In Focus - Urban extension falls foul of localist approach

In turning down a 93-hectare urban extension to Winchester, the secretary of state has supported the city council's attempts to place residents' views at the heart of decision-making on a new housing strategy for the area.

Barton Farm: housing plans rejected as risk to bottom up planning strategy
Barton Farm: housing plans rejected as risk to bottom up planning strategy

CALA Homes (South) appealed after the council failed to determine its proposal for 2,000 homes, a primary school, a retail store, a nursing home and a district energy centre at Barton Farm within the statutory period. It claimed that the council could not show an adequate supply of housing land and that, irrespective of the government's intention to abolish the South East Plan, there was still a need for more homes to serve the city.

The local plan reserved the site for homes but specified that it should only be released if a "compelling justification" was shown. The council argued that the government's localism agenda required its housing strategy review to be generated by communities, rather than at regional level. But its view that housing figures for the area should be significantly cut had yet to be subject to public scrutiny or adopted in a development plan document.

The appellant maintained that a higher level of provision was required. The inspector found that the scheme would make a vital contribution to housing land supply and create many affordable homes and jobs. She found sufficient evidence to conclude that a compelling justification had been demonstrated and recommended granting permission.

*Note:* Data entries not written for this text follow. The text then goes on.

lemma kernel_subset_center:
  assumes all_products: "\<forall>p\<in>coset_perm ` carrier G. fixpoint_product (coset_perm ` carrier G) p"
    and y: "y \<in> carrier G" "coset_perm y = pid k"
  shows "y \<in> center G"
  unfolding center_def
proof (intro CollectI conjI ballI)
  fix x assume x: "x \<in> carrier G"
  obtain g1 g2 where g: "g1 \<in> carrier G" "g2 \<in> carrier G"
    "has_fixpoint (coset_perm g1)" "has_fixpoint (coset_perm g2)"
    "coset_perm x = coset_perm (g1 \<otimes> g2)"
    using all_products x coset_perm_mult unfolding fixpoint_product_def by force
  obtain w where w: "w \<in> carrier G" "coset_perm w = pid k" "x = w \<otimes> (g1 \<otimes> g2)"
    using kernel_factor[OF x _ g(5)] g by blast
  have "y \<otimes> w = w \<otimes> y"
    using kernel_commute_if_has_fixpoint[OF y w(1)] w(2) has_fixpoint_pid small_index by auto
  moreover have "y \<otimes> (g1 \<otimes> g2) = (g1 \<otimes> g2) \<otimes> y"
    using commute_mult kernel_commute_if_has_fixpoint[OF y] g y by blast
  ultimately show "y \<otimes> x = x \<otimes> y"
    using commute_mult w g y by simp
qed (use y in simp)

lemma second_derived_subset_center_if_fixpoint_products:
  assumes all_products: "\<forall>p\<in>coset_perm ` carrier G. fixpoint_product (coset_perm ` carrier G) p"
    and Q: "abelian_perm_group k Q"
    and commutators: "\<forall>p\<in>coset_perm ` carrier G. \<forall>q\<in>coset_perm ` carrier G. pcommutator p q \<in> set Q"
  shows "second_derived G \<subseteq> center G"
proof (rule second_derived_subset)
  let ?L = "{g \<in> carrier G. coset_perm g \<in> set Q}"
  show "subgroup ?L G"
    by (rule subgroup_coset_perm_preimage) (use Q in \<open>auto simp: abelian_perm_group_def\<close>)
  show "derived_set G (carrier G) \<subseteq> ?L"
    using commutators coset_perm_commutator by auto
  show "derived_set G ?L \<subseteq> center G"
  proof clarify
    fix u v assume "u \<in> carrier G" "v \<in> carrier G" "coset_perm u \<in> set Q" "coset_perm v \<in> set Q"
    then show "u \<otimes> v \<otimes> inv u \<otimes> inv v \<in> center G"
      using kernel_subset_center[OF all_products] coset_perm_commutator Q
      by (simp add: abelian_perm_group_def)
  qed
qed (rule subgroup_center)
text \<open>
  Modulo the preimage \<open>R\<^sub>0\<close> of \<open>\<overline>R\<close> in \<open>K\<close>, the form \<open>q\<close> lifts to a map \<open>g : V \<rightarrow> K\<close> with
  \<open>g(x\<lambda>) \<equiv> \<lambda>\<^sup>\<sigma> g(x) \<lambda>\<close> and \<open>g(x + y) \<equiv> g(x) + g(y) + f(x, y)\<close>, and \<open>[x]\<close> is singular iff \<open>g(x) \<in> R\<^sub>0\<close>.
  If \<open>U \<subseteq> Rad(f)\<close> contains no singular vector, a line through two singular points \<open>[z\<^sub>1], [z\<^sub>2]\<close>
  cannot meet \<open>U\<close> in a point \<open>[w]\<close>: writing \<open>z\<^sub>1 = z\<^sub>2 b + w d\<close>, orthogonality of \<open>w\<close> gives
  \<open>g(z\<^sub>1) \<equiv> b\<^sup>\<sigma> g(z\<^sub>2) b + d\<^sup>\<sigma> g(w) d\<close>, forcing \<open>d = 0\<close> and hence \<open>[z\<^sub>1] = [z\<^sub>2]\<close>.
  Conversely, if \<open>u \<in> U\<close> is not in \<open>Rad(f)\<close>, then since the singular points span \<open>V\<close> some singular
  \<open>x\<close> has \<open>f(u, x) \<noteq> 0\<close>, and \<open>u + x\<lambda>\<close> is singular for \<open>\<lambda> = -f(u, x)\<^sup>-\<^sup>1 g(u)\<close>; so the line
  \<open>\<langle>u, x\<rangle>\<close> carries two singular points and meets \<open>U\<close>.
\<close>

definition secant :: "('v::ab_group_add \<Rightarrow> 'k::division_ring \<Rightarrow> 'v) \<Rightarrow> 'v set set \<Rightarrow> 'v set \<Rightarrow> bool"
  where "secant smul P L \<longleftrightarrow> is_line smul L \<and> (\<exists>p1 p2. p1 \<noteq> p2 \<and> p1 \<in> P \<and> p2 \<in> P
    \<and> p1 \<in> ppoints smul L \<and> p2 \<in> ppoints smul L)"

definition defines_quotient ::
  "('v::ab_group_add \<Rightarrow> 'k::division_ring \<Rightarrow> 'v) \<Rightarrow> 'v set set \<Rightarrow> 'v set \<Rightarrow> bool"
  where "defines_quotient smul P U \<longleftrightarrow> ppoints smul U \<inter> P = {}
    \<and> (\<forall>L. secant smul P L \<longrightarrow> ppoints smul U \<inter> ppoints smul L = {})"

section \<open>The groups \<open>\<overline>K\<close> and \<open>\<overline>K / \<overline>R\<close>\<close>

locale admissible =
  fixes \<sigma> :: "'a::division_ring \<Rightarrow> 'a" and \<epsilon> :: 'a
  assumes admissible: "admissible_pair \<sigma> \<epsilon>"
begin

lemma sigma_add: "\<sigma> (a + b) = \<sigma> a + \<sigma> b"
  using admissible unfolding admissible_pair_def anti_automorphism_def by blast

lemma sigma_mult: "\<sigma> (a * b) = \<sigma> b * \<sigma> a"
  using admissible unfolding admissible_pair_def anti_automorphism_def by blast

lemma inj_sigma: "inj \<sigma>"
  using admissible unfolding admissible_pair_def anti_automorphism_def bij_def by blast

lemma sigma_sigma: "\<sigma> (\<sigma> t) = \<epsilon> * t * inverse \<epsilon>"
  using admissible unfolding admissible_pair_def by blast

lemma eps_nonzero: "\<epsilon> \<noteq> 0"
  using admissible unfolding admissible_pair_def by auto

lemma sigma_zero: "\<sigma> 0 = 0"
  using sigma_add[of 0 0] by simp

lemma sigma_minus: "\<sigma> (- a) = - \<sigma> a"
  using sigma_add[of "- a" a] sigma_zero by (simp add: eq_neg_iff_add_eq_0)

lemma sigma_one: "\<sigma> 1 = 1"
proof -
  have "\<sigma> 1 \<noteq> 0"
    using inj_sigma sigma_zero by (metis injD zero_neq_one)
  moreover have "\<sigma> 1 * 1 = \<sigma> 1 * \<sigma> 1"
    using sigma_mult[of 1 1] by simp
  ultimately show ?thesis
    by (metis mult_cancel_left)
qed
theorem mainTheorem8:
  fixes M :: "'a::euclidean_space set" and f :: "'a \<Rightarrow> 'a" and Df :: "'a \<Rightarrow> 'a \<Rightarrow>\<^sub>L 'a"
    and g :: "'a \<Rightarrow> 'a \<Rightarrow> 'a \<Rightarrow> real" and xs ys :: "int \<Rightarrow> 'a"
    and Es Ec Eu Fs Fc Fu :: "int \<Rightarrow> 'a set"
  assumes "ph_endomorphism M d f Df g \<nu> \<gamma>1 \<gamma>2 \<mu> C"
    and "p \<in> M"
    and "is_orbit M f xs" and "xs 0 = p" and "ph_splitting M Df g \<nu> \<gamma>1 \<gamma>2 \<mu> C xs Es Ec Eu"
    and "is_orbit M f ys" and "ys 0 = p" and "ph_splitting M Df g \<nu> \<gamma>1 \<gamma>2 \<mu> C ys Fs Fc Fu"
  shows "Fc 0 \<subseteq> {a + b | a b. a \<in> Ec 0 \<and> b \<in> Es 0}
    \<and> {a + b | a b. a \<in> Ec 0 \<and> b \<in> Es 0} = {a + b | a b. a \<in> Fc 0 \<and> b \<in> Fs 0}"
proof -
  have metric: "riemannian_metric M g"
    and constants: "0 \<le> \<nu>" "\<nu> \<le> \<gamma>2" "\<gamma>2 < \<mu>" "0 < C"
    using assms(1) unfolding ph_endomorphism_def by auto
  have "{a + b | a b. a \<in> Ec 0 \<and> b \<in> Es 0} = bounded_growth_vectors M Df g \<gamma>2 xs"
    using center_stable_eq_bounded_growth_vectors[OF assms(5) metric assms(3) constants] .
  also have "\<dots> = bounded_growth_vectors M Df g \<gamma>2 ys"
    using bounded_growth_vectors_orbit_cong[OF assms(3,6)] assms(4,7) by simp
  also have "\<dots> = {a + b | a b. a \<in> Fc 0 \<and> b \<in> Fs 0}"
    using center_stable_eq_bounded_growth_vectors[OF assms(8) metric assms(6) constants] by simp
  finally have "{a + b | a b. a \<in> Ec 0 \<and> b \<in> Es 0} =
      {a + b | a b. a \<in> Fc 0 \<and> b \<in> Fs 0}" .
  moreover have "Fc 0 \<subseteq> {a + b | a b. a \<in> Fc 0 \<and> b \<in> Fs 0}"
    using ph_splitting_subspace(1)[OF assms(8), of 0, THEN subspace_0] by force
  ultimately show ?thesis by simp
qed

end
lemma success_record_channel:
  assumes E: "incoherent_povm d k E" and \<rho>: "\<rho> \<in> carrier_mat d d" and j: "j < k"
  shows "mtrace (kraus_apply (k * d) (record_channel d k E) \<rho> * projB k d j) = mtrace (E j * \<rho>)"
proof -
  have Ej: "E j \<in> carrier_mat d d" "dephase d (E j) = E j"
    using E j unfolding incoherent_povm_def povm_def psd_def by simp_all
  have "mtrace (kraus_apply (k * d) (record_channel d k E) \<rho> * projB k d j) =
      (\<Sum>b<d. kraus_apply (k * d) (record_channel d k E) \<rho> $$ (j * d + b, j * d + b))"
    using kraus_apply_carrier[OF record_channel_carrier \<rho>] j by (rule mtrace_mult_projB)
  also have "\<dots> = (\<Sum>b<d. E j $$ (b, b) * \<rho> $$ (b, b))"
    using block_index_less[OF j] record_weight_block(1)[OF E j]
    by (intro sum.cong refl) (simp add: index_kraus_apply_record_channel[OF E \<rho>])
  also have "\<dots> = mtrace (E j * \<rho>)"
    using Ej \<rho> by (intro mtrace_mult_diagonal[symmetric])
  finally show ?thesis .
qed

lemma Psuc_tilde_eq_Psuc_MI:
  assumes \<rho>: "\<And>j. j < k \<Longrightarrow> \<rho> j \<in> carrier_mat d d"
    and realizes: "\<And>E. incoherent_povm d k E \<Longrightarrow> Ops d (k * d) (record_channel d k E)"
    and channel: "\<And>Ks. Ops d (k * d) Ks \<Longrightarrow> kraus_channel d (k * d) Ks"
    and classical: "\<And>Ks. Ops d (k * d) Ks \<Longrightarrow> classical_on_diagonal d (k * d) Ks"
  shows "Psuc_tilde Ops d k p \<rho> = Psuc_MI d k p \<rho>"
proof -
  have "{\<Sum>j<k. p j * Re (mtrace (kraus_apply (k * d) Ks (\<rho> j) * projB k d j)) | Ks. Ops d (k * d) Ks} =
      {\<Sum>j<k. p j * Re (mtrace (E j * \<rho> j)) | E. incoherent_povm d k E}"
  proof (intro equalityI subsetI)
    fix v
    assume "v \<in> {\<Sum>j<k. p j * Re (mtrace (kraus_apply (k * d) Ks (\<rho> j) * projB k d j)) | Ks. Ops d (k * d) Ks}"
    then obtain Ks where Ks: "Ops d (k * d) Ks"
      and v: "v = (\<Sum>j<k. p j * Re (mtrace (kraus_apply (k * d) Ks (\<rho> j) * projB k d j)))"
      by blast
    have "kraus_channel d (k * d) Ks" "classical_on_diagonal d (k * d) Ks"
      using channel[OF Ks] classical[OF Ks] .
    then have "v = (\<Sum>j<k. p j * Re (mtrace (induced_povm d Ks j * \<rho> j)))"
      unfolding v kraus_channel_def by (intro sum.cong refl) (simp add: success_induced_povm \<rho>)
    then show "v \<in> {\<Sum>j<k. p j * Re (mtrace (E j * \<rho> j)) | E. incoherent_povm d k E}"
      using incoherent_povm_induced_povm[OF channel[OF Ks]] by blast
  next
    fix v
    assume "v \<in> {\<Sum>j<k. p j * Re (mtrace (E j * \<rho> j)) | E. incoherent_povm d k E}"
    then obtain E where E: "incoherent_povm d k E" and v: "v = (\<Sum>j<k. p j * Re (mtrace (E j * \<rho> j)))"
      by blast
    then have "v = (\<Sum>j<k. p j * Re (mtrace (kraus_apply (k * d) (record_channel d k E) (\<rho> j) * projB k d j)))"
      unfolding v by (intro sum.cong refl) (simp add: success_record_channel \<rho>)
    then show "v \<in> {\<Sum>j<k. p j * Re (mtrace (kraus_apply (k * d) Ks (\<rho> j) * projB k d j)) | Ks. Ops d (k * d) Ks}"
      using realizes[OF E] by blast
  qed
  then show ?thesis
    unfolding Psuc_tilde_def Psuc_MI_def by simp
qed

theorem lemmaS2:
  fixes d k :: nat and p :: "nat \<Rightarrow> real" and \<rho> :: "nat \<Rightarrow> complex mat"
  assumes "ensemble d k p \<rho>"
  shows "Psuc_MI d k p \<rho> = Psuc_tilde SIO d k p \<rho>
       \<and> Psuc_tilde SIO d k p \<rho> = Psuc_tilde DIO d k p \<rho>"
proof -
  have \<rho>: "\<And>j. j < k \<Longrightarrow> \<rho> j \<in> carrier_mat d d"
    using assms unfolding ensemble_def density_def psd_def by blast
  have "Psuc_tilde SIO d k p \<rho> = Psuc_MI d k p \<rho>"
    by (rule Psuc_tilde_eq_Psuc_MI)
      (simp_all add: \<rho> SIO_record_channel SIO_classical_on_diagonal SIO_def[THEN iffD1, THEN conjunct1])
  moreover have "Psuc_tilde DIO d k p \<rho> = Psuc_MI d k p \<rho>"
    by (rule Psuc_tilde_eq_Psuc_MI)
      (simp_all add: \<rho> DIO_record_channel DIO_classical_on_diagonal DIO_def[THEN iffD1, THEN conjunct1])
  ultimately show ?thesis
    by simp
qed

end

The secretary of state responded that the government's desire to promote plan-making at local level was a significant factor against the appeal. The council had already started consulting local communities on the scale and location of new homes, he noted. In his opinion, allowing the scheme would prejudice the council's ability to establish a new bottom-up strategy.

The scheme would not answer any immediate land shortage as only 150 homes would be built by 2014/15, he reasoned. Other drawbacks included the loss of a greenfield site and harm to the landscape and the city's setting, he found. He saw no compelling reason to release the site now.

Inspector: Christina Downes; Inquiry.